The project has impacted not only the over a hundred and fifty thousand visitors who attended the exhibitions, but also the artists involved in it.

Yasser Musa
“For me as an artist, this has been the most rewarding project of my artistic career. Why? Because for the first time, I was able to make contact and communicate with other artists from the region, Central America, the Caribbean, the Yucatan Peninsula; this has never happened before, not for me and not for Belize.”

Next year Landings will come full circle, but that doesn’t mean the concept will die.

Yasser Musa
“I have always advocated that at the end of the tenth Landings we pull the plug, we disconnect ourselves from our own nostalgia, from our own memory.

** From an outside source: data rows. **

(* Let $\mathcal C$ be a finite set and $P(\cdot\mid\cdot)$ a transition kernel on $\mathcal C$ with stationary distribution $\pi$, and assume $\delta:=\min_{a,a'\in\mathcal C}P(a'\mid a)>0$. For each $m\in\mathbb N$ let $\boldsymbol X=\{X_{ij}\}_{1\le i,j\le m}$ be a random $m\times m$ array over $\mathcal C$ generated according to either Scenario 1 (the $m$ columns are independent Markov chains, read top to bottom, with initial distribution $\pi$ and kernel $P$) or Scenario 2 (the $m$ rows are independent Markov chains, read left to right, with initial distribution $\pi$ and kernel $P$). Let $H_\infty=-\sum_{a,a'\in\mathcal C}\pi(a)P(a'\mid a)\log P(a'\mid a)$. Then for every sufficiently large integer $D$ there exist a dictionary $\operatorname{Dict}$ of tokens with $|\operatorname{Dict}|\le D$, each token being a nonempty finite string over $\mathcal C$, and for each $m$ an encoding $\operatorname{enc}$ mapping each $m\times m$ array over $\mathcal C$ to a finite sequence of tokens in $\operatorname{Dict}$ such that concatenating the tokens of $\operatorname{enc}(\boldsymbol X)$ yields the entries of $\boldsymbol X$ read column by column from top to bottom (Scenario 1), respectively row by row from left to right (Scenario 2), and such that $$\limsup_{m\to\infty}\ \min_{Q\in\mathcal Q_{\text{1-gram}}}\ -\frac{1}{m^2}\mathbb E\big[\log Q(\operatorname{enc}(\boldsymbol X))\big]\ \le\ \frac{1}{1-\varepsilon}H_\infty,\qquad \varepsilon=\frac{\log(1/\delta)}{0.99\log D}.$$
   Context: A unigram model $Q\in\mathcal Q_{\text{1-gram}}$ over the token dictionary $\operatorname{Dict}$ is specified by a probability distribution $Q_\#$ on $\mathbb N$ and a probability distribution $Q_{\text{tok}}$ on $\operatorname{Dict}$, and assigns to a token sequence $\mathbf t=(t_1,\dots,t_{|\mathbf t|})$ the probability $Q(\mathbf t)=Q_\#(|\mathbf t|)\prod_{r=1}^{|\mathbf t|}Q_{\text{tok}}(t_r)$. Logarithms are natural. *)

theory Defs
  imports "HOL-Analysis.Analysis"
begin

text \<open>Alphabet C is a finite type 'a. Kernel: P a a' = P(a' | a).\<close>

definition markov_kernel :: "('a::finite \<Rightarrow> 'a \<Rightarrow> real) \<Rightarrow> bool" where
  "markov_kernel P \<longleftrightarrow> (\<forall>a a'. P a a' \<ge> 0) \<and> (\<forall>a. (\<Sum>a'\<in>UNIV. P a a') = 1)"

definition stationary :: "('a::finite \<Rightarrow> 'a \<Rightarrow> real) \<Rightarrow> ('a \<Rightarrow> real) \<Rightarrow> bool" where
  "stationary P \<pi> \<longleftrightarrow> (\<forall>a. \<pi> a \<ge> 0) \<and> (\<Sum>a\<in>UNIV. \<pi> a) = 1 \<and>
     (\<forall>a'. (\<Sum>a\<in>UNIV. \<pi> a * P a a') = \<pi> a')"

definition min_trans :: "('a::finite \<Rightarrow> 'a \<Rightarrow> real) \<Rightarrow> real" where
  "min_trans P = Min {P a a' | a a'. True}"

definition entropy_rate :: "('a::finite \<Rightarrow> 'a \<Rightarrow> real) \<Rightarrow> ('a \<Rightarrow> real) \<Rightarrow> real" where
  "entropy_rate P \<pi> = - (\<Sum>a\<in>UNIV. \<Sum>a'\<in>UNIV. \<pi> a * P a a' * ln (P a a'))"
lemma step_y_imp_step_w: "step_y s s' \<Longrightarrow> step_w s s'"
  unfolding step_y_def
proof (elim disjE)
  assume "ctx_closure yctx root_m s s'"
  then have "ctx_closure wctx root_m s s'"
    by (rule ctx_closure_mono) (auto intro: yctx_imp_wctx)
  then show ?thesis unfolding step_w_def by blast
next
  assume "ctx_closure actx (root_e yctx) s s'"
  then have "ctx_closure wctx (root_e wctx) s s'"
    by (rule ctx_closure_mono) (auto elim: root_e_mono intro: actx_imp_wctx yctx_imp_wctx)
  then show ?thesis unfolding step_w_def by blast
next
  assume "ctx_closure yctx (root_e nctx) s s'"
  then have "ctx_closure wctx (root_e wctx) s s'"
    by (rule ctx_closure_mono) (auto elim: root_e_mono intro: nctx_imp_wctx yctx_imp_wctx)
  then show ?thesis unfolding step_w_def by blast
next
  assume "ctx_closure yctx root_gcv s s'"
  then have "ctx_closure wctx root_gcv s s'"
    by (rule ctx_closure_mono) (auto intro: yctx_imp_wctx)
  then show ?thesis unfolding step_w_def by blast
qed

lemma step_y_plug_actx: "actx A \<Longrightarrow> step_y s s' \<Longrightarrow> step_y (plug A s) (plug A s')"
  unfolding step_y_def
  using ctx_closure_plug[of yctx _ s s' A] ctx_closure_plug[of actx _ s s' A]
    yctx_comp_actx actx_comp by blast

lemma normal_step_y_plug_actx: "actx A \<Longrightarrow> normal step_y (plug A s) \<Longrightarrow> normal step_y s"
  unfolding normal_def using step_y_plug_actx by blast

lemma step_y_e_yctx: "yctx Y \<Longrightarrow> \<exists>t'. step_y (ES (plug Y (Var (depth Y))) u) t'"
  unfolding step_y_def
  by (metis actx.intros(1) ctx_closure_root plug_nc_Var0 root_e.intros)

lemma strict_answer_sctx_Lam: "strict_answer u \<Longrightarrow> \<exists>S b. sctx S \<and> u = plug S (Lam b)"
  by (induction rule: strict_answer.induct)
    (metis plug.simps(1) sctx.intros(1), metis plug.simps(5) sctx.intros(2))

This is for me—and I always try to tell this to younger artists—the most difficult thing about being an artist is your ability to remember. You have to try and disconnect that in order to look forward and I believe that once the dust has settled on all ten exhibitions, we will be able to regroup the next generation. Unfortunately, I am getting older now, but the next generation will be making better contemporary art and I am very confident they will be able to do that.”

Carriana Castillo, Artist (Translated from Spanish)
“This forum right here has been the last explosion to us starting to work on our own communities.”

The final Landings exhibition will be held in March 2009 in Badajoz, Spain. Kendra Griffith reporting for News Five.

No exhibition was curated for Landings Nine.


Viewers please note: This Internet newscast is a verbatim transcript of our evening television newscast. Where speakers use Kriol, we attempt to faithfully reproduce the quotes using a standard spelling system.